One way that the police finds the head of a gang is to check people's phone calls. If there is a phone call between A and B, we say that A and B is related. The weight of a relation is defined to be the total time length of all the phone calls made between the two persons. A "Gang" is a cluster of more than 2 persons who are related to each other with total relation weight being greater than a given threshold K. In each gang, the one with maximum total weight is the head. Now given a list of phone calls, you are supposed to find the gangs and the heads.
Input Specification:
Each input file contains one test case. For each case, the first line contains two positive numbers N and K (both less than or equal to 1000), the number of phone calls and the weight threshold, respectively.
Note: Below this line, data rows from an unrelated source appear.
(* Let $g,h\in G(\Gamma)$ with $|h|_r=m$ and $|g|_r=n$. Then there exist integers $0\le q\le\min(m,n)$ and $0\le p\le\kappa$ and reduced words $g\equiv g_1\cdots g_n$, $h\equiv h_1\cdots h_m$ (with $g_i\in G_{v_i}$, $h_i\in G_{w_i}$) such that: $g_i=h_i$ for $1\le i\le q$; for $q<i\le q+p$ the syllables $g_i$ and $h_i$ lie in the same vertex group $G_{v_i}$ and $h_i\neq g_i$; the word $$h_m^{-1}\cdots h_{q+p+1}^{-1}\,(h_{q+1}^{-1}g_{q+1})\cdots(h_{q+p}^{-1}g_{q+p})\,g_{q+p+1}\cdots g_n$$ is a reduced word representing $h^{-1}g$ (each parenthesized product being a single syllable); and for all $1\le i,j\le p$ the vertex $v_{q+j}$ lies in $\mathrm{st}(v_{q+i})$, i.e. $g_{q+j},h_{q+j}\in G(\mathrm{st}(v_{q+i}))$.
   Context: $\Gamma$ is a finite simplicial graph, $\{G_v\}_{v\in\Gamma}$ are groups, and $G(\Gamma)$ is their graph product: the quotient of $\ast_vG_v$ by the normal subgroup generated by $[G_v,G_w]$ for all edges $[vw]$ of $\Gamma$. Vertices joined by an edge are adjacent; $\mathrm{lk}(v)$ is the set of vertices adjacent to $v$, $\mathrm{st}(v)=\mathrm{lk}(v)\cup\{v\}$, and $G(\mathrm{lk}(v))$, $G(\mathrm{st}(v))$ denote the subgroups generated by the $G_w$ with $w$ in these sets. $\kappa$ is the maximal number of pairwise adjacent vertices of $\Gamma$. A word is a finite sequence $(g_1,\dots,g_n)$ with $g_i\in G_{v_i}$ (its syllables); it represents $g_1\cdots g_n$. Allowed moves: swapping two consecutive syllables from adjacent vertex groups (shuffle), multiplying two consecutive syllables from the same vertex group into one, deleting an identity syllable. A word is reduced if no sequence of moves shortens it. Every element has a reduced word and any two reduced words for the same element differ by shuffles; we write $g\equiv g_1\cdots g_n$ for a reduced word of $g$ and $|g|_r=n$ for the reduced word length. *)

theory Defs
  imports "HOL-Algebra.Group"
begin

type_synonym ('v, 'g) syllable = "'v \<times> 'g"

definition valid_word :: "'v set \<Rightarrow> ('v \<Rightarrow> ('g, 'b) monoid_scheme) \<Rightarrow> ('v, 'g) syllable list \<Rightarrow> bool" where
  "valid_word V G w \<longleftrightarrow> (\<forall>(v, x) \<in> set w. v \<in> V \<and> x \<in> carrier (G v))"

inductive move :: "'v set \<Rightarrow> ('v \<Rightarrow> 'v \<Rightarrow> bool) \<Rightarrow> ('v \<Rightarrow> ('g, 'b) monoid_scheme)
    \<Rightarrow> ('v, 'g) syllable list \<Rightarrow> ('v, 'g) syllable list \<Rightarrow> bool"
  for V adj G where
  shuffle: "valid_word V G (ws @ [(v, x), (w, y)] @ us) \<Longrightarrow> adj v w \<Longrightarrow>
     move V adj G (ws @ [(v, x), (w, y)] @ us) (ws @ [(w, y), (v, x)] @ us)"
| merge: "valid_word V G (ws @ [(v, x), (v, y)] @ us) \<Longrightarrow>
     move V adj G (ws @ [(v, x), (v, y)] @ us) (ws @ [(v, x \<otimes>\<^bsub>G v\<^esub> y)] @ us)"
| delete: "valid_word V G (ws @ [(v, \<one>\<^bsub>G v\<^esub>)] @ us) \<Longrightarrow>
     move V adj G (ws @ [(v, \<one>\<^bsub>G v\<^esub>)] @ us) (ws @ us)"

text \<open>Two valid words represent the same element of the graph product G(\<Gamma>) iff they are
related by the equivalence generated by the moves (this is the standard presentation of
the graph product as the free product modulo the commutation relations).\<close>

definition word_equiv :: "'v set \<Rightarrow> ('v \<Rightarrow> 'v \<Rightarrow> bool) \<Rightarrow> ('v \<Rightarrow> ('g, 'b) monoid_scheme)
    \<Rightarrow> ('v, 'g) syllable list \<Rightarrow> ('v, 'g) syllable list \<Rightarrow> bool" where
  "word_equiv V adj G = equivclp (move V adj G)"

definition reduced :: "'v set \<Rightarrow> ('v \<Rightarrow> 'v \<Rightarrow> bool) \<Rightarrow> ('v \<Rightarrow> ('g, 'b) monoid_scheme)
    \<Rightarrow> ('v, 'g) syllable list \<Rightarrow> bool" where
  "reduced V adj G w \<longleftrightarrow> valid_word V G w \<and>
     \<not> (\<exists>w'. (move V adj G)\<^sup>*\<^sup>* w w' \<and> length w' < length w)"

definition word_inv :: "('v \<Rightarrow> ('g, 'b) monoid_scheme) \<Rightarrow> ('v, 'g) syllable list \<Rightarrow> ('v, 'g) syllable list" where
  "word_inv G w = rev (map (\<lambda>(v, x). (v, inv\<^bsub>G v\<^esub> x)) w)"

definition clique :: "'v set \<Rightarrow> ('v \<Rightarrow> 'v \<Rightarrow> bool) \<Rightarrow> 'v set \<Rightarrow> bool" where
  "clique V adj C \<longleftrightarrow> C \<subseteq> V \<and> (\<forall>u\<in>C. \<forall>w\<in>C. u \<noteq> w \<longrightarrow> adj u w)"

definition clique_number :: "'v set \<Rightarrow> ('v \<Rightarrow> 'v \<Rightarrow> bool) \<Rightarrow> nat" where
  "clique_number V adj = Max {card C | C. clique V adj C}"

definition star :: "('v \<Rightarrow> 'v \<Rightarrow> bool) \<Rightarrow> 'v \<Rightarrow> 'v set" where
  "star adj v = {w. adj v w} \<union> {v}"

end

theory Submission
  imports Defs
begin

text \<open>Reduced words are exactly the words without identity syllables and without pinches,
  a pinch being two syllables of the same vertex separated only by syllables of adjacent
  vertices (they could be shuffled together and merged).

  Up to shuffling, write \<open>g = C B\<^sub>g R\<^sub>g\<close> and \<open>h = C B\<^sub>h R\<^sub>h\<close>, where the blocks
  \<open>B\<^sub>g\<close>, \<open>B\<^sub>h\<close> consist of pairwise commuting syllables on the same vertices with different
  entries, and take such a splitting with \<open>|C| + |B\<^sub>g|\<close> maximal. Cancelling \<open>C\<close> and merging
  the blocks syllable by syllable turns \<open>h\<^sup>-\<^sup>1g\<close> into \<open>R\<^sub>h\<^sup>-\<^sup>1 (B\<^sub>h\<^sup>-\<^sup>1B\<^sub>g) R\<^sub>g\<close>. A pinch of
  this word lies inside \<open>h\<close> or inside \<open>g\<close>, which are reduced, unless it joins a syllable of
  \<open>R\<^sub>h\<close> to a syllable of \<open>R\<^sub>g\<close>; then both can be shuffled to the front of \<open>R\<^sub>h\<close> and \<open>R\<^sub>g\<close>
  and appended to \<open>C\<close> (if they are equal) or to the blocks (if not), contradicting maximality.\<close>

lemma clique_card_le_clique_number:
  assumes "finite V" "clique V adj C"
  shows "card C \<le> clique_number V adj"
proof -
  have "{card C | C. clique V adj C} \<subseteq> card ` Pow V"
    unfolding clique_def by auto
  then have "finite {card C | C. clique V adj C}"
    using assms(1) by (simp add: finite_subset)
  then show ?thesis
    unfolding clique_number_def using assms(2) by (auto intro: Max_ge)
qed

lemma map_eq_append_ConsE:
  assumes "map f w = xs @ u # ys"
  obtains w1 s w2 where "w = w1 @ s # w2" "map f w1 = xs" "f s = u" "map f w2 = ys"
  using assms by (auto simp: map_eq_append_conv map_eq_Cons_conv)

locale graph_product =
  fixes V :: "'v set" and adj :: "'v \<Rightarrow> 'v \<Rightarrow> bool"
    and G :: "'v \<Rightarrow> ('g, 'b) monoid_scheme"
  assumes adj_sym: "\<And>u w. adj u w \<Longrightarrow> adj w u"
    and adj_irrefl: "\<And>u. \<not> adj u u"
    and vertex_group: "\<And>v. v \<in> V \<Longrightarrow> group (G v)"
begin

abbreviation "valid \<equiv> valid_word V G"

abbreviation "winv \<equiv> word_inv G"

section \<open>Words and moves\<close>

lemma valid_append [simp]: "valid (a @ b) \<longleftrightarrow> valid a \<and> valid b"
  by (auto simp: valid_word_def)

lemma valid_Cons [simp]: "valid (x # b) \<longleftrightarrow> fst x \<in> V \<and> snd x \<in> carrier (G (fst x)) \<and> valid b"
  by (auto simp: valid_word_def)

lemma valid_Nil [simp]: "valid []"
  by (simp add: valid_word_def)

lemma word_inv_append [simp]: "winv (a @ b) = winv b @ winv a"
  by (simp add: word_inv_def)

lemma word_inv_Cons [simp]: "winv (x # b) = winv b @ [(fst x, inv\<^bsub>G (fst x)\<^esub> snd x)]"
  by (simp add: word_inv_def split: prod.splits)

lemma word_inv_Nil [simp]: "winv [] = []"
  by (simp add: word_inv_def)

lemma map_fst_word_inv [simp]: "map fst (winv w) = rev (map fst w)"
  by (induction w) auto

lemma valid_word_inv: "valid w \<Longrightarrow> valid (winv w)"
  by (induction w) (auto intro: group.inv_closed vertex_group)

lemma move_valid: "move V adj G a b \<Longrightarrow> valid a \<and> valid b"
  by (induction rule: move.induct) (auto intro: monoid.m_closed group.is_monoid vertex_group)

lemma move_append_context:
  assumes "move V adj G a b" "valid X" "valid Y"
  shows "move V adj G (X @ a @ Y) (X @ b @ Y)"
  using assms
proof (induction rule: move.induct)
  case (shuffle ws v x w y us)
  then show ?case using move.shuffle[of V G "X @ ws" v x w y "us @ Y" adj] by simp
next
  case (merge ws v x y us)
  then show ?case using move.merge[of V G "X @ ws" v x y "us @ Y" adj] by simp
next
  case (delete ws v us)
  then show ?case using move.delete[of V G "X @ ws" v "us @ Y" adj] by simp
qed

lemma move_word_inv:
  assumes "move V adj G a b"
  shows "move V adj G (winv a) (winv b)"
  using assms
proof (induction rule: move.induct)
  case (shuffle ws v x w y us)
  then show ?case
    using move.shuffle[of V G "winv us" w "inv\<^bsub>G w\<^esub> y" v "inv\<^bsub>G v\<^esub> x" "winv ws" adj]
      valid_word_inv[OF shuffle(1)] adj_sym by simp
next
  case (merge ws v x y us)
  then have "inv\<^bsub>G v\<^esub> y \<otimes>\<^bsub>G v\<^esub> inv\<^bsub>G v\<^esub> x = inv\<^bsub>G v\<^esub> (x \<otimes>\<^bsub>G v\<^esub> y)"
    using vertex_group[of v] by (simp add: group.inv_mult_group)
  then show ?case
    using move.merge[of V G "winv us" v "inv\<^bsub>G v\<^esub> y" "inv\<^bsub>G v\<^esub> x" "winv ws" adj]
      valid_word_inv[OF merge] by simp
next
  case (delete ws v us)
  then have "inv\<^bsub>G v\<^esub> \<one>\<^bsub>G v\<^esub> = \<one>\<^bsub>G v\<^esub>"
    using vertex_group[of v] by (simp add: monoid.inv_one group.is_monoid)
  then show ?case
    using move.delete[of V G "winv us" v "winv ws" adj] valid_word_inv[OF delete] by simp
qed

lemma word_equiv_append_context:
  "word_equiv V adj G a b \<Longrightarrow> valid X \<Longrightarrow> valid Y \<Longrightarrow> word_equiv V adj G (X @ a @ Y) (X @ b @ Y)"
  unfolding word_equiv_def
  by (induction rule: equivclp_induct) (auto intro: equivclp_into_equivclp move_append_context)

lemma word_equiv_word_inv: "word_equiv V adj G a b \<Longrightarrow> word_equiv V adj G (winv a) (winv b)"
  unfolding word_equiv_def
  by (induction rule: equivclp_induct) (auto intro: equivclp_into_equivclp move_word_inv)

lemma word_equiv_trans [trans]: "word_equiv V adj G a b \<Longrightarrow> word_equiv V adj G b c \<Longrightarrow> word_equiv V adj G a c"
  unfolding word_equiv_def by (rule equivclp_trans)

lemma word_equiv_sym: "word_equiv V adj G a b \<Longrightarrow> word_equiv V adj G b a"
  unfolding word_equiv_def by (rule equivclp_sym)

lemma move_word_equiv: "move V adj G a b \<Longrightarrow> word_equiv V adj G a b"
  unfolding word_equiv_def by (rule r_into_equivclp)

lemma word_equiv_inv_append:
  assumes "word_equiv V adj G a a'" "word_equiv V adj G b b'" "valid a'" "valid b"
  shows "word_equiv V adj G (winv a @ b) (winv a' @ b')"
proof -
  have "word_equiv V adj G ([] @ winv a @ b) ([] @ winv a' @ b)"
    using word_equiv_append_context[OF word_equiv_word_inv[OF assms(1)], of "[]" b] assms(4) by simp
  also have "word_equiv V adj G \<dots> (winv a' @ b' @ [])"
    using word_equiv_append_context[OF assms(2), of "winv a'" "[]"] assms(3) valid_word_inv by simp
  finally show ?thesis by simp
qed

section \<open>Shuffles\<close>

definition shuffle_step :: "('v, 'g) syllable list \<Rightarrow> ('v, 'g) syllable list \<Rightarrow> bool" where
  "shuffle_step a b \<longleftrightarrow> move V adj G a b \<and> length b = length a"

abbreviation "shuffled \<equiv> shuffle_step\<^sup>*\<^sup>*"

lemma shuffled_moves: "shuffled a b \<Longrightarrow> (move V adj G)\<^sup>*\<^sup>* a b"
  unfolding shuffle_step_def by (induction rule: rtranclp_induct) auto

lemma shuffled_word_equiv: "shuffled a b \<Longrightarrow> word_equiv V adj G a b"
  unfolding word_equiv_def by (auto dest: shuffled_moves intro: rtranlcp_le_equivclp[THEN predicate2D])

lemma shuffled_length: "shuffled a b \<Longrightarrow> length b = length a"
  unfolding shuffle_step_def by (induction rule: rtranclp_induct) auto

lemma shuffled_valid: "shuffled a b \<Longrightarrow> valid a \<Longrightarrow> valid b"
  unfolding shuffle_step_def by (induction rule: rtranclp_induct) (auto dest: move_valid)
Then N lines follow, each in the following format:
Name1 Name2 Time
where Name1 and Name2 are the names of people at the two ends of the call, and Time is the length of the call. A name is a string of three capital letters chosen from A-Z. A time length is a positive integer which is no more than 1000 minutes.
Output Specification:
For each test case, first print in a line the total number of gangs. Then for each gang, print in a line the name of the head and the total number of the members. It is guaranteed that the head is unique for each gang. The output must be sorted according to the alphabetical order of the names of the heads.
ample Input 1:
8 59
AAA BBB 10
BBB AAA 20
AAA CCC 40
DDD EEE 5
EEE DDD 70
FFF GGG 30
GGG HHH 20
HHH FFF 10
Sample Output 1:
2
AAA 3
GGG 3
Sample Input 2:
8 70
AAA BBB 10
BBB AAA 20
AAA CCC 40
DDD EEE 5
EEE DDD 70
FFF GGG 30
GGG HHH 20
HHH FFF 10
Sample Output 2:
0题意:警方通过核对人们的通话记录查找团伙的头目。如果两个人有一条通话记录,那么称这两个人有关系。两个人关系的权重用他们之间通话记录的总长度表示。如果一个群体超过2个人,相互有联系,而且群体总权重超过阈值K,那么把这个群体叫做gang。在gang中,权重最高的人叫做head。现在给定N条通话记录,以及阈值K,找出所有gang的head,以及gang中团体的个数。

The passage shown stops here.